Earlier this week, Figma introduced a way for AI agents to design directly in the Figma canvas based on your prompts. From Figma’s own blogpost:

With Figma’s MCP server, agents can now write directly to your Figma files, extending the standards you’ve carefully established over time. Via the use_figma tool, Claude Code, Codex, and other MCP clients can generate and modify design assets that are linked to your design system

What’s notable here is that Figma already had MCP tools, but they were read-only. In practice, this meant your AI agents could read your Figma files but they couldn’t write to them. This update gives them write access - a small update on the surface. Or is it?

If I had to guess, Figma was betting on their own AI creation tools like Figma Make to be the primary interface for “vibe-designing” - designing through prompting. From personal experience as well as that of many of my peers in the industry, the results from Figma Make are a resounding “meh”. It’s good demo-ware but fails pretty quickly as you try to get closer to any specific vision you have. It’s a tool most designers tried after their design VP mandated that everyone use AI tools in their work. Most didn’t return.

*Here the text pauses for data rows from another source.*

lemma signed_arrangement_nth_nonzero:
  assumes "xs \<in> signed_arrangements U" and "0 \<notin> U" and "i < length xs"
  shows "xs ! i \<noteq> 0"
proof -
  have "\<bar>xs ! i\<bar> \<in> U"
    using assms(1) imageI[OF nth_mem[OF assms(3)], of abs] by (simp add: signed_arrangements_def)
  with assms(2) show ?thesis by fastforce
qed

lemma signed_arrangement_abs_nth_neq:
  assumes "xs \<in> signed_arrangements U" and "i < length xs" "j < length xs" "i \<noteq> j"
  shows "\<bar>xs ! i\<bar> \<noteq> \<bar>xs ! j\<bar>"
  using assms nth_eq_iff_index_eq[of "map abs xs" i j] by (simp add: signed_arrangements_def)

lemma append_in_signed_arrangements:
  assumes "ys \<in> signed_arrangements A" "zs \<in> signed_arrangements (U - A)" "A \<subseteq> U"
  shows "ys @ zs \<in> signed_arrangements U"
proof -
  have "set (map abs ys) = A" "set (map abs zs) = U - A"
    using assms(1,2) by (simp_all add: signed_arrangements_def)
  then show ?thesis
    using assms unfolding signed_arrangements_def by (auto simp flip: set_map)
qed

lemma take_drop_in_signed_arrangements:
  fixes k :: nat
  assumes "xs \<in> signed_arrangements U"
  defines "A \<equiv> abs ` set (take k xs)"
  shows "take k xs \<in> signed_arrangements A" and "drop k xs \<in> signed_arrangements (U - A)"
    and "A \<subseteq> U"
proof -
  have "distinct (map abs (take k xs) @ map abs (drop k xs))"
    using assms by (simp add: signed_arrangements_def flip: map_append)
  moreover have "U = A \<union> abs ` set (drop k xs)"
    using assms by (simp add: signed_arrangements_def flip: image_Un set_append)
  ultimately show "take k xs \<in> signed_arrangements A" "drop k xs \<in> signed_arrangements (U - A)"
    "A \<subseteq> U"
    by (auto simp: signed_arrangements_def A_def)
qed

In parallel with all this, we’re seeing another fundamental shift in product development - more often than not, it now starts in Claude Code / Codex / Antigravity or whatever AI agent one may use. It’s now faster to prototype 10 directions with Claude Code than to mock up one wireframe in Figma. And that’s truly dangerous for Figma, because Figma is the place where product development used to start and live until engineering hand-off.

Figma, along with a large swath of SaaS tools can see both of these things clearly - their home-grown AI agents are collecting dust in their UI while people are falling head over heels for Claude Code and using it for everything.

There are two interesting powers at play here:

Claude Code becoming the consumer preference among builders and hence the integration point for other tools. In Ben Thompson’s framework, they’re becoming an aggregator. Claude Code’s differentiation is in deeply integrating their proprietary agent harness with their own models. Figma, Canva, Slack, and everyone else have access to the same model Anthropic does (Opus 4.6 being the current state-of-the-art) - yet, they can’t seem to replicate the magic of Claude Code within their own tools.

The immediate reaction of every SaaS company after they got caught like a deer in the AI headlights was to plug an AI agent into their app. “Our proprietary data is the secret sauce that will make our AI agent special” they thought. But that thought is now running into three harsh realities:

The most valuable data in any SaaS tool is your company’s context, which is almost always exposed with APIs for any other tool to use. Any metadata around actual usage patterns of said data & your tool is unlikely to be valuable enough to make any AI agent meaningfully more useful. Any individual SaaS company’s context is mostly useless without broader organizational context. Context has network effects - it gets exponentially more valuable the more complete it is and becomes almost useless when it’s limited. Your Figma files / Slack chats / Amplitude dashboards / JIRA tickets alone don’t give AI agents a complete picture of your business. But taken altogether, they’re extremely valuable. The software development process is moving from a discrete model - clear steps with explicit handoff at each step - to a more fluid model with no gates, stages, or handoffs as the process gets increasingly absorbed by the AI itself. Most SaaS tools were either designed to simplify a specific step and/or to improve the handoff between them. So what happens when those steps collapse into a process that needs no handoff?